Dynamic risk assessment is a phrase that is often discussed, but rarely understood. Organisations who realise the significance of undertaking this type of risk assessment on a consistent basis are often better at managing overall risk. Ultimately, robust and routine dynamic risk assessments are a key part of a structured, cyclical management system and if they are routinely undertaken within the organisation it can significantly improve the quality of risk assessments that are used by organisations every day. Dynamic risk assessment can help any organisation achieve high-level strategic improvement though proactive identification of information on unforeseen hazards which can be fed into existing systems to improve overall risk management.

Dynamic risk assessment is the practice of observing and identifying potentially unidentified risks often in a new or everchanging workplace environments on the spot, hence they are sometimes referred to as “on the spot assessments”.

Teaching your staff the skills involved in dynamic assessment empowers them to undertake wide ranging assessments of risk and to make prompt decisions about managing risks which may fail to be spotted using the traditional risk assessment approach. These decisions may result in the successful elimination of hazards, or the implementation of control measures to actively manage the newly identified risks then and there.

A dynamic risk assessment is intrinsically different from a general or generic risk assessment. A dynamic risk assessment is not a replacement for the organisations existing risk assessment system. Dynamic risk assessments should supplement the structured systems already in existence by providing additional insight into new or unforeseen hazards and subsequent risks every time your staff visit a new workplace environment, or an emergency event unfolds. For example; fire-fighters will routinely use dynamic risk assessment systems to assess ever-changing risk during emergencies.

There are some key things to remember when conducting dynamic risk assessments. Firstly, it is important to teach all staff who may be exposed to unforeseen risk to assess in a dynamic way. They must be made aware from before they reach any new environment or situation that not all significant risk may have been foreseen and therefore, they must be constantly looking for new hazards that maybe significant in the circumstance.

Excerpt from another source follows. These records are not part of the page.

text \<open>A weighted digraph on a finite vertex set V (vertices drawn from nat; every
finite digraph is isomorphic to one of these).\<close>

definition weighted_digraph :: "nat set \<Rightarrow> (nat \<times> nat) set \<Rightarrow> (nat \<times> nat \<Rightarrow> real) \<Rightarrow> bool" where
  "weighted_digraph V A w \<longleftrightarrow> finite V \<and> A \<subseteq> V \<times> V \<and> (\<forall>v. (v, v) \<notin> A)
     \<and> (\<forall>a\<in>A. 0 \<le> w a)"

definition total_weight :: "(nat \<times> nat) set \<Rightarrow> (nat \<times> nat \<Rightarrow> real) \<Rightarrow> real" where
  "total_weight A w = (\<Sum>a\<in>A. w a)"

definition cut_weight :: "(nat \<times> nat) set \<Rightarrow> (nat \<times> nat \<Rightarrow> real) \<Rightarrow> nat set \<Rightarrow> nat set \<Rightarrow> real" where
  "cut_weight A w X Y = (\<Sum>a\<in>A \<inter> (X \<times> Y). w a)"

definition mac :: "nat set \<Rightarrow> (nat \<times> nat) set \<Rightarrow> (nat \<times> nat \<Rightarrow> real) \<Rightarrow> real" where
  "mac V A w = Max ((\<lambda>X. cut_weight A w X (V - X)) ` Pow V)"

definition dipath :: "nat set \<Rightarrow> (nat \<times> nat) set \<Rightarrow> nat list \<Rightarrow> bool" where
  "dipath V A vs \<longleftrightarrow> vs \<noteq> [] \<and> set vs \<subseteq> V \<and> distinct vs
     \<and> (\<forall>i. Suc i < length vs \<longrightarrow> (vs ! i, vs ! Suc i) \<in> A)"

definition longest_path_vertices :: "nat set \<Rightarrow> (nat \<times> nat) set \<Rightarrow> nat \<Rightarrow> bool" where
  "longest_path_vertices V A \<nu> \<longleftrightarrow>
     (\<exists>vs. dipath V A vs \<and> length vs = \<nu>) \<and> (\<forall>vs. dipath V A vs \<longrightarrow> length vs \<le> \<nu>)"

definition c_const :: "nat \<Rightarrow> real" where
  "c_const \<nu> = Sup {c. 0 \<le> c \<and> (\<forall>V A w. weighted_digraph V A w \<and> acyclic A
        \<and> longest_path_vertices V A \<nu> \<longrightarrow> c * total_weight A w \<le> mac V A w)}"

end

theory Submission
  imports Defs
begin

text \<open>
  If every directed path of an acyclic digraph D has at most \<nu> vertices, then D has a height
  function h into {0..<\<nu>} that increases strictly along arcs. Any set S of heights yields the
  cut between the vertices with height in S and the rest, which contains every arc uv with
  h u \<in> S and h v \<notin> S. So a family of height sets with nonnegative weights summing to s, in
  which every pair i < j of heights is separated with total weight at least 1, gives
  w(D) \<le> s \<cdot> mac(D), i.e. c_\<nu> \<ge> 1/s. Conversely, a weighting of the transitive tournament
  on \<nu> vertices in which every cut carries at most a 1/s fraction of the total weight shows
  c_\<nu> \<le> 1/s. For \<nu> \<le> 8 both certificates are small and are checked by simplification.
\<close>

lemma dipath_rtrancl:
  assumes "dipath V A vs" "i \<le> j" "j < length vs"
  shows "(vs ! i, vs ! j) \<in> A\<^sup>*"
  using assms(2,3)
proof (induction j)
  case 0
  then show ?case by simp
next
  case (Suc j)
  show ?case
  proof (cases "i = Suc j")
    case False
    with Suc have "(vs ! i, vs ! j) \<in> A\<^sup>*" by simp
    moreover have "(vs ! j, vs ! Suc j) \<in> A"
      using assms(1) Suc.prems unfolding dipath_def by blast
    ultimately show ?thesis by (rule rtrancl_into_rtrancl)
  qed simp
qed

lemma dipath_snoc:
  assumes "dipath V A vs" "v \<in> V" "v \<notin> set vs" "(last vs, v) \<in> A"
  shows "dipath V A (vs @ [v])"
  unfolding dipath_def
proof (intro conjI allI impI)
  show "vs @ [v] \<noteq> []" "set (vs @ [v]) \<subseteq> V" "distinct (vs @ [v])"
    using assms unfolding dipath_def by auto
  fix i assume i: "Suc i < length (vs @ [v])"
  show "((vs @ [v]) ! i, (vs @ [v]) ! Suc i) \<in> A"
  proof (cases "Suc i < length vs")
    case True
    then show ?thesis using assms(1) unfolding dipath_def by (simp add: nth_append)
  next
    case False
    then have last: "Suc i = length vs" using i by simp
    then have "vs ! i = last vs" by (metis diff_Suc_1 last_conv_nth list.size(3) nat.discI)
    then show ?thesis using last assms(4) by (simp add: nth_append)
  qed
qed

lemma acyclic_height_function:
  assumes fin: "finite V" and sub: "A \<subseteq> V \<times> V" and acy: "acyclic A"
    and bounded: "\<forall>vs. dipath V A vs \<longrightarrow> length vs \<le> \<nu>"
  obtains h where "\<forall>v\<in>V. h v < \<nu>" and "\<forall>u v. (u, v) \<in> A \<longrightarrow> h u < h v"
proof
  define P where "P v = {vs. dipath V A vs \<and> last vs = v}" for v
  define lp where "lp v = Max (length ` P v)" for v
  have finite_P: "finite (P v)" for v
  proof -
    have "P v \<subseteq> {xs. set xs \<subseteq> V \<and> length xs \<le> \<nu>}"
      using bounded unfolding P_def dipath_def by auto
    then show ?thesis using finite_lists_length_le[OF fin] finite_subset by blast
  qed
  have singleton_P: "[v] \<in> P v" if "v \<in> V" for v
    using that unfolding P_def dipath_def by simp
  have lp_pos: "1 \<le> lp v" if "v \<in> V" for v
  proof -
    have "length [v] \<le> lp v"
      unfolding lp_def using finite_P singleton_P[OF that]
      by (metis Max_ge finite_imageI image_eqI)
    then show ?thesis by simp
  qed
  show "\<forall>v\<in>V. lp v - 1 < \<nu>"
  proof
    fix v assume v: "v \<in> V"
    have "lp v \<le> \<nu>"
      using singleton_P[OF v] finite_P bounded unfolding lp_def P_def by (subst Max_le_iff) auto
    with lp_pos[OF v] show "lp v - 1 < \<nu>" by linarith
  qed
  show "\<forall>u v. (u, v) \<in> A \<longrightarrow> lp u - 1 < lp v - 1"
  proof (intro allI impI)
    fix u v assume uv: "(u, v) \<in> A"
    then have u: "u \<in> V" and v: "v \<in> V" using sub by auto
    have "lp u \<in> length ` P u"
      unfolding lp_def using finite_P singleton_P[OF u] by (intro Max_in) auto
    then obtain vs where vs: "vs \<in> P u" "length vs = lp u" by auto
    then have path: "dipath V A vs" and last: "last vs = u" unfolding P_def by auto
    have "v \<notin> set vs"
    proof
      assume "v \<in> set vs"
      then obtain i where i: "i < length vs" "vs ! i = v" by (auto simp: in_set_conv_nth)
      have "vs ! (length vs - 1) = u"
        using last path unfolding dipath_def by (simp add: last_conv_nth)
      then have "(v, u) \<in> A\<^sup>*" using dipath_rtrancl[OF path, of i "length vs - 1"] i by simp
      then have "(v, v) \<in> A\<^sup>+" using uv by (rule rtrancl_into_trancl1)
      then show False using acy unfolding acyclic_def by blast
    qed
    then have "vs @ [v] \<in> P v" using dipath_snoc[OF path v] last uv unfolding P_def by simp
    then have "length (vs @ [v]) \<le> lp v"
      unfolding lp_def using finite_P by (metis Max_ge finite_imageI image_eqI)
    then show "lp u - 1 < lp v - 1" using vs lp_pos[OF u] by simp
  qed
qed

definition separating_cover :: "nat \<Rightarrow> (real \<times> nat set) list \<Rightarrow> bool" where
  "separating_cover \<nu> D \<longleftrightarrow> (\<forall>(q, S)\<in>set D. 0 \<le> q) \<and>
     (\<forall>i j. i < j \<longrightarrow> j < \<nu> \<longrightarrow> 1 \<le> (\<Sum>(q, S)\<leftarrow>D. if i \<in> S \<and> j \<notin> S then q else 0))"

lemma sum_list_sum_commute:
  "(\<Sum>d\<leftarrow>D. \<Sum>a\<in>A. f d a) = (\<Sum>a\<in>A. \<Sum>d\<leftarrow>D. f d a)"
  by (induction D) (auto simp: sum.distrib)

lemma cut_le_mac:
  assumes "weighted_digraph V A w" "X \<subseteq> V"
  shows "cut_weight A w X (V - X) \<le> mac V A w"
  using assms unfolding mac_def weighted_digraph_def by (intro Max_ge) auto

They must have an ‘exit strategy’ before they enter any area or environment that may have the potential to be hazardous and must be made aware to use human instinct; as if it does not feel right to them, it is usually is not right.

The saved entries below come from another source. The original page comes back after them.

(* In the setting below, the asymmetric product $T\rtimes_\circ S$ is a simple left brace if and only if $f_z-\mathrm{id}$ is bijective on $V_z$ for every $z\in\mathbb{Z}/(n)$.
   Context: A left brace is a set $B$ with two operations $+,\cdot$ such that $(B,+)$ is an abelian group, $(B,\cdot)$ is a group and $a(b+c)+a=ab+ac$ for all $a,b,c$; $\lambda_a(b)=ab-a$. A left ideal is a subgroup $L$ of $(B,+)$ with $\lambda_b(L)\subseteq L$ for all $b$; an ideal is a left ideal that is a normal subgroup of $(B,\cdot)$; $B$ is simple if $B\neq0$ and its only ideals are $0$ and $B$. For a symmetric bi-additive map $\beta\colon X\times X\to Y$, $\mathrm{O}(X,\beta)=\{g\in\mathrm{Aut}(X,+):\beta(g(x),g(y))=\beta(x,y)\ \forall x,y\}$. Setting: $n>1$, indices $z$ range over $\mathbb{Z}/(n)$. For each $z$, $p_z$ is a prime ($p_z\ne p_{z'}$ for $z\ne z'$), $r_z$ is a positive integer, $m_z$ is an integer with $m_z\ge\max\{r_z,r_{z-1}\}$, $V_z$ is a finite-dimensional $\mathbb{Z}/(p_z)$-vector space with a non-singular symmetric bilinear form $b_z$, and $f_z\in\mathrm{O}(V_z,b_z)$ has order $p_{z-1}$. Let $T_z=V_z^{m_z}$, $S_z=(\mathbb{Z}/(p_z))^{r_z}$ with standard basis $e^{(z)}_1,\dots,e^{(z)}_{r_z}$. Define $b'_z\colon T_z\times T_z\to S_z$ by $b'_z((u_j),(v_j))=\sum_{i=1}^{r_z-1}b_z(u_i,v_i)e^{(z)}_i+\big(\sum_{j=1}^{m_z}b_z(u_j,v_j)\big)e^{(z)}_{r_z}$. With $r=r_{z-1}$ and $s=\sum_{i=1}^r\mu_ie^{(z-1)}_i\in S_{z-1}$, define $f^{(z-1,z)}_s(u_1,\dots,u_{m_z})=(f_z^{\mu_1+\mu_r}(u_1),\dots,f_z^{\mu_{r-1}+\mu_r}(u_{r-1}),f_z^{\mu_r}(u_r),\dots,f_z^{\mu_r}(u_{m_z}))$ (all components $f_z^{\mu_1}(u_j)$ if $r=1$). Let $T=T_1\times\cdots\times T_n$, $S=S_1\times\cdots\times S_n$, $b\colon T\times T\to S$, $b(t,t')=(b'_1(t_1,t'_1),\dots,b'_n(t_n,t'_n))$, and $\alpha_{(s_1,\dots,s_n)}(t_1,\dots,t_n)=(f^{(n,1)}_{s_n}(t_1),f^{(1,2)}_{s_1}(t_2),\dots,f^{(n-1,n)}_{s_{n-1}}(t_n))$. The asymmetric product $T\rtimes_\circ S$ is the set $T\times S$ with $(t,s)+(t',s')=(t+t',s+s'+b(t,t'))$ and $(t,s)\cdot(t',s')=(t+\alpha_s(t'),s+s')$; it is a left brace. *)

theory Defs
  imports "HOL-Algebra.Coset" "HOL-Computational_Algebra.Primes"
begin

definition add_grp :: "'a set \<Rightarrow> ('a \<Rightarrow> 'a \<Rightarrow> 'a) \<Rightarrow> 'a \<Rightarrow> 'a monoid" where
  "add_grp A pl z0 = \<lparr>carrier = A, monoid.mult = pl, one = z0\<rparr>"
lemma gap_neg_iff:
  assumes "0 \<le> x" "0 \<le> y" "0 \<le> e"
  shows "gap e x y < 0 \<longleftrightarrow> gap_root x y < e"
  using gap_factor[OF assms] assms
  by (simp add: gap_eq mult_less_0_iff divide_less_0_iff)

lemma gap_double_neg:
  assumes "0 \<le> x" "0 \<le> y"
  shows "gap (2 * x) x y < 0"
proof -
  have "2 * x \<noteq> -1"
    using assms by simp
  with assms show ?thesis
    by (simp add: gap_eq divide_less_0_iff algebra_simps power2_eq_square)
      (smt (verit) mult_nonneg_nonneg)
qed

lemma Rd_factor_eq_gap:
  assumes "e \<noteq> -1"
  shows "2 / (e + 1) * x^2 - 2 * e / (e + 1) * x + e / 2 = gap e x y + (y - 2 * x + e + 1)"
proof -
  have "2 / (e + 1) * x - 2 * x = - (2 * e / (e + 1) * x)"
    using assms by (simp add: field_simps)
  then show ?thesis
    by (simp add: gap_def algebra_simps add_divide_distrib)
qed

lemma Rd_eq_gap: "Rd d x = Pd (Suc d) x - (gap (real d) x y + (y - 2 * x + real d + 1)) * Pd d x"
proof -
  have "real d \<noteq> -1"
    by simp
  then show ?thesis
    unfolding Rd_def Rd_factor_eq_gap[OF \<open>real d \<noteq> -1\<close>, of x y] by simp
qed

lemma Pd_Suc_le_of_gap_le:
  assumes "0 < Pd d x" "gap (real d) x y \<le> - Rd d x / Pd d x"
  shows "Pd (Suc d) x \<le> (y - 2 * x + real d + 1) * Pd d x"
proof -
  have "gap (real d) x y * Pd d x \<le> - Rd d x"
    using assms pos_le_divide_eq[OF assms(1), of _ "- Rd d x"] by simp
  then show ?thesis
    by (simp add: Rd_eq_gap[of d x y] algebra_simps)
qed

Providing tools, such as category identification lists, hazard spotting sheets and proformas, along with hazard awareness training can increase staff competence in identifying the nature and the types of hazards that they may face and the extent that these hazards may be significant in terms of risk.

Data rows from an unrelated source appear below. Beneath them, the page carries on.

lemma det_on_Lmat_cong:
  assumes "\<And>a b. a \<in> I \<Longrightarrow> b \<in> I \<Longrightarrow> {a, b} \<in> E \<longleftrightarrow> {a, b} \<in> E'"
  shows "det_on I (Lmat E x) = det_on I (Lmat E' x)"
  using assms by (intro det_on_cong) (simp add: Lmat_def)

lemma simple_graph_remove_vertices:
  assumes "simple_graph V S"
  shows "simple_graph (V - U) {f \<in> S. f \<inter> U = {}}"
  unfolding simple_graph_def
proof (intro conjI ballI)
  show "finite (V - U)"
    using assms by (simp add: simple_graph_def)
  fix f assume f: "f \<in> {f \<in> S. f \<inter> U = {}}"
  then have "f \<in> S"
    by simp
  then obtain a b where "f = {a, b}" "a \<noteq> b" "a \<in> V" "b \<in> V"
    using assms unfolding simple_graph_def by blast
  with f show "\<exists>a b. f = {a, b} \<and> a \<noteq> b \<and> a \<in> V - U \<and> b \<in> V - U"
    by auto
qed

lemma matchings_split:
  assumes "e \<in> S"
  shows "{\<mu>. \<mu> \<subseteq> S \<and> is_matching \<mu>} = {\<mu>. \<mu> \<subseteq> S - {e} \<and> is_matching \<mu>}
    \<union> insert e ` {\<mu>. \<mu> \<subseteq> {f \<in> S - {e}. f \<inter> e = {}} \<and> is_matching \<mu>}"
proof (intro set_eqI iffI)
  fix \<mu> assume "\<mu> \<in> {\<mu>. \<mu> \<subseteq> S \<and> is_matching \<mu>}"
  then have \<mu>: "\<mu> \<subseteq> S" "is_matching \<mu>"
    by auto
  show "\<mu> \<in> {\<mu>. \<mu> \<subseteq> S - {e} \<and> is_matching \<mu>}
    \<union> insert e ` {\<mu>. \<mu> \<subseteq> {f \<in> S - {e}. f \<inter> e = {}} \<and> is_matching \<mu>}"
  proof (cases "e \<in> \<mu>")
    case False
    with \<mu> show ?thesis
      by auto
  next
    case True
    with \<mu> have "\<mu> - {e} \<in> {\<mu>. \<mu> \<subseteq> {f \<in> S - {e}. f \<inter> e = {}} \<and> is_matching \<mu>}"
      unfolding is_matching_def by blast
    moreover have "\<mu> = insert e (\<mu> - {e})"
      using True by auto
    ultimately show ?thesis
      by blast
  qed
qed (use assms in \<open>auto simp: is_matching_def\<close>)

The most significant benefit of conducting dynamic risk assessments is spotting uncontrolled or poorly controlled hazards, therefore increasing organisational awareness of previously unidentified risk. This means people are much less likely to be harmed during non-routine activities and the organisation has an opportunity to learn valuable lessons from what is identified during assessments. Organisations can feed this information into their existing health and safety management systems to ensure that they are both continuously improving the system and the practical management of risk.